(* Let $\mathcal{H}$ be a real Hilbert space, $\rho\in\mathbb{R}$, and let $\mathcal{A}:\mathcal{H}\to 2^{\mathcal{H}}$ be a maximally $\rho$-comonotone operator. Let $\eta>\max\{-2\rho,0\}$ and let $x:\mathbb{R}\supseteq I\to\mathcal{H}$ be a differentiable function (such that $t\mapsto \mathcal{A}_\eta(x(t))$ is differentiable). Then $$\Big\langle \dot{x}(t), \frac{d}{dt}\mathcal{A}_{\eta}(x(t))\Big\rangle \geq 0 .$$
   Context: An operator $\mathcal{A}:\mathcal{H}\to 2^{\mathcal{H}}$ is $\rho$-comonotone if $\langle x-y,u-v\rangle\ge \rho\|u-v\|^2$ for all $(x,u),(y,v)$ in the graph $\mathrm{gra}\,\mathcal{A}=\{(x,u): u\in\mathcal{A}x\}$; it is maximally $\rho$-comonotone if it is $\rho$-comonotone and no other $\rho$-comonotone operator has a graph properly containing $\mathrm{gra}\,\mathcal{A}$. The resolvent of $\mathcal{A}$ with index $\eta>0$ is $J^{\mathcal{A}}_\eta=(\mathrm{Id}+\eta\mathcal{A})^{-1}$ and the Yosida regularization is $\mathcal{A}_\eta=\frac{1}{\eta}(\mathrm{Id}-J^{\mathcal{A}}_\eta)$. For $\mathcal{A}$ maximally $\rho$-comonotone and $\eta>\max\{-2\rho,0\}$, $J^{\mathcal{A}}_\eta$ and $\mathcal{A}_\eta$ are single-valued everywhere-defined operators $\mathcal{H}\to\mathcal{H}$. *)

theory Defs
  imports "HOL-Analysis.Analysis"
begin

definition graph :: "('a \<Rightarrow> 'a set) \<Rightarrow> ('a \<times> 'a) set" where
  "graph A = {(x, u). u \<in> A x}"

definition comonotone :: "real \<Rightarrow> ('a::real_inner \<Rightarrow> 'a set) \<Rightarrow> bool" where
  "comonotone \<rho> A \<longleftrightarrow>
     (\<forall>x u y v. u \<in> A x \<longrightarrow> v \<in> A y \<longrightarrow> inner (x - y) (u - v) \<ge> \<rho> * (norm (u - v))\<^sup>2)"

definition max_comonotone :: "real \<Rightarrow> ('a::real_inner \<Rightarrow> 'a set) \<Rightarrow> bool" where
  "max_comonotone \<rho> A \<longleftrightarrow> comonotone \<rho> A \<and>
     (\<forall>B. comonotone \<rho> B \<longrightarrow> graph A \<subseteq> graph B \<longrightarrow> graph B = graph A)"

...

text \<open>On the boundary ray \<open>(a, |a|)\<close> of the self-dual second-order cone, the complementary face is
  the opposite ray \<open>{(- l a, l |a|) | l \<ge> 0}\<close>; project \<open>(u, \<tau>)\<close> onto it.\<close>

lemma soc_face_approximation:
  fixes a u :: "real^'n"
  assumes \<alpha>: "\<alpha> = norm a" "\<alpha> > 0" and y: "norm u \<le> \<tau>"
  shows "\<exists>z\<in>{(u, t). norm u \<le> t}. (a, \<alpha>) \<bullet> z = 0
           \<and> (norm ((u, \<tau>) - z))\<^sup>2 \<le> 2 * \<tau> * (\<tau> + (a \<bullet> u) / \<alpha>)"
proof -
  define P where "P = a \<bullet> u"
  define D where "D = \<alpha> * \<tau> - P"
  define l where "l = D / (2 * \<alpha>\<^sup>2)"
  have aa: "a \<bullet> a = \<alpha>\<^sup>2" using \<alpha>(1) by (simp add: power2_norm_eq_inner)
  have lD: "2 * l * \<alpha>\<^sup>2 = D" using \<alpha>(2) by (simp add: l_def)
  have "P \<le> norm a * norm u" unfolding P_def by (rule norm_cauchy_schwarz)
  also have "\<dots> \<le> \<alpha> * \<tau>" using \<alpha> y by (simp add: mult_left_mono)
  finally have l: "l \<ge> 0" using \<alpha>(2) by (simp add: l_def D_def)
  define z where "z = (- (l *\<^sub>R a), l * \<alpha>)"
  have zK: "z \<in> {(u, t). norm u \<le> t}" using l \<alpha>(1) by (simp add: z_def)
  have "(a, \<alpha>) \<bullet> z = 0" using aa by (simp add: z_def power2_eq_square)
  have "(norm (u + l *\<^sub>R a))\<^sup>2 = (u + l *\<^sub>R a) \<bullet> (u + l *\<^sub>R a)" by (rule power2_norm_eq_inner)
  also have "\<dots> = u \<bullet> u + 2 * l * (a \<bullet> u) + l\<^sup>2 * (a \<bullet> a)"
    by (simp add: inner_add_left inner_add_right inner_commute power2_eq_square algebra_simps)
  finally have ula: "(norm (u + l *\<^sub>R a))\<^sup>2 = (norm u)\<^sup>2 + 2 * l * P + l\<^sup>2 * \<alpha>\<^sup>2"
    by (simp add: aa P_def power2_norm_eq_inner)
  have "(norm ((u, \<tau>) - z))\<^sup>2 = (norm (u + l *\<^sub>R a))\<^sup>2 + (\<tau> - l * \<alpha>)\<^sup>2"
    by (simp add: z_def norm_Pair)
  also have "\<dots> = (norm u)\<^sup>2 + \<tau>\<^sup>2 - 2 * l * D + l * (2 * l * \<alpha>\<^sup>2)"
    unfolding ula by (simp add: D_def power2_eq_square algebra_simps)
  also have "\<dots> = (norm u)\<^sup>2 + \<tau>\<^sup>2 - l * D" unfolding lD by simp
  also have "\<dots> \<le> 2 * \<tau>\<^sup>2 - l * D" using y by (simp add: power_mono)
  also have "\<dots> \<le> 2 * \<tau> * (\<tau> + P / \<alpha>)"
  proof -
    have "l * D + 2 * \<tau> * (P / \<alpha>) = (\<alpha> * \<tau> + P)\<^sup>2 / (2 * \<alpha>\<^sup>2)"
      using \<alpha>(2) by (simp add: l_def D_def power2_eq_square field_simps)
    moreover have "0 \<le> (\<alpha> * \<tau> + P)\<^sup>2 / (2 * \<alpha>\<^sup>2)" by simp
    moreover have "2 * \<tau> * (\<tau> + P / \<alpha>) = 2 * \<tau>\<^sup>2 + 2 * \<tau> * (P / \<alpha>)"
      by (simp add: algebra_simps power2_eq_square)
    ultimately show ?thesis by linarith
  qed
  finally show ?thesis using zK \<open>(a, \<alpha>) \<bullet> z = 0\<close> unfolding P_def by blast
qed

--

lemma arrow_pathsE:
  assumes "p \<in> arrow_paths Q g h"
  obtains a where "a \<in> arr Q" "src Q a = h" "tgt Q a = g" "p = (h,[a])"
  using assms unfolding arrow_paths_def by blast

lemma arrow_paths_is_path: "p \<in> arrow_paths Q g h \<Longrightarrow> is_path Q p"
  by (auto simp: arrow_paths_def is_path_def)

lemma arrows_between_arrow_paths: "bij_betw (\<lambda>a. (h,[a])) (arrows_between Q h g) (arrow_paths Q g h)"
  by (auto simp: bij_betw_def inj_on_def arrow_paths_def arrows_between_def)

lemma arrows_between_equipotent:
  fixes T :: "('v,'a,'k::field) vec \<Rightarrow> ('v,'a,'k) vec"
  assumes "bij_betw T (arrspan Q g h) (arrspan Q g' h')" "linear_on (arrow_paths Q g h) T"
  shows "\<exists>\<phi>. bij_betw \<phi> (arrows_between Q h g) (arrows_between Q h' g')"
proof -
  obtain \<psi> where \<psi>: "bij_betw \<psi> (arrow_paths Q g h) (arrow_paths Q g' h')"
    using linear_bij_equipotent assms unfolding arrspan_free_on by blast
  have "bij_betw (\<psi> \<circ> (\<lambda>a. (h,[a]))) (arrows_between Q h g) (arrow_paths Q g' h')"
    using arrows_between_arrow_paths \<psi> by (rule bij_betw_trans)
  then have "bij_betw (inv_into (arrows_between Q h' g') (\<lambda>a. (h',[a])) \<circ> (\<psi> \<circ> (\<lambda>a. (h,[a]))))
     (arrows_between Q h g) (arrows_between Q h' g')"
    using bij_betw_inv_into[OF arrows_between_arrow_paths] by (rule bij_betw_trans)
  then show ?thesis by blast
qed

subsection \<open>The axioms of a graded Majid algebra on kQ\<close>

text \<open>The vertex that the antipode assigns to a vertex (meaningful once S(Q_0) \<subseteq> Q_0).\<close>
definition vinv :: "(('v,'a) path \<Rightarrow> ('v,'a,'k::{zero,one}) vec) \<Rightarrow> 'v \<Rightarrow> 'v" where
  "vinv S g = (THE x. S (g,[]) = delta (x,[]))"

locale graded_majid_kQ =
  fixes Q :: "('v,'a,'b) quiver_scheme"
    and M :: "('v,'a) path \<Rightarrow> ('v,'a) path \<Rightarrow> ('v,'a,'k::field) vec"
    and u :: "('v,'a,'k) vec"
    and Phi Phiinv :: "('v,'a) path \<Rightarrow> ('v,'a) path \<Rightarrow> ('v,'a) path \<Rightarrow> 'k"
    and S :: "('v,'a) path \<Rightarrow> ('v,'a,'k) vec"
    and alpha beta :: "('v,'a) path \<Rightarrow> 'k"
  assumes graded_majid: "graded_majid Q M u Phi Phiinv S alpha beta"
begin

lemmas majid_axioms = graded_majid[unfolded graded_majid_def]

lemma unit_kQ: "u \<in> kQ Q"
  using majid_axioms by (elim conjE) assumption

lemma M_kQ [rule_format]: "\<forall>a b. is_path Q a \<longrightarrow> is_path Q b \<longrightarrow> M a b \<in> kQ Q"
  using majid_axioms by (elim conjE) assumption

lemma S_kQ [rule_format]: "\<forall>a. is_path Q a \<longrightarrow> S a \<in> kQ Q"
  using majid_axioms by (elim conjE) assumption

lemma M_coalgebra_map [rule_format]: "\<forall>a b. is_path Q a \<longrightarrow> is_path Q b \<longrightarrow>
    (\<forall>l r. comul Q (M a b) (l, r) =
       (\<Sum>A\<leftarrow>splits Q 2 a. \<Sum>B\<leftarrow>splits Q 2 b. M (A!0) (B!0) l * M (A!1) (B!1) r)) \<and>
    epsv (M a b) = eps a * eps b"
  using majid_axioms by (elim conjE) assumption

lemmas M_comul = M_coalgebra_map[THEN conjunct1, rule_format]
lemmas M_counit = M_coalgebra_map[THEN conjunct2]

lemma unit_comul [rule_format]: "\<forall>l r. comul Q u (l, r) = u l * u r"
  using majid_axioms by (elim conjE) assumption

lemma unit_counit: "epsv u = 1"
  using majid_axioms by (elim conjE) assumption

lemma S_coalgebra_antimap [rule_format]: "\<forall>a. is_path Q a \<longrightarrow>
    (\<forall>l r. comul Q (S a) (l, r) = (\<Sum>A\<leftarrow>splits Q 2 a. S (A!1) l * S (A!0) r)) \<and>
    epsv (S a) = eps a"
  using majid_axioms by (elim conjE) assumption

Task to complete: Among the entries, how many lines include the word "definition"? Give only the number.

Answer section: 4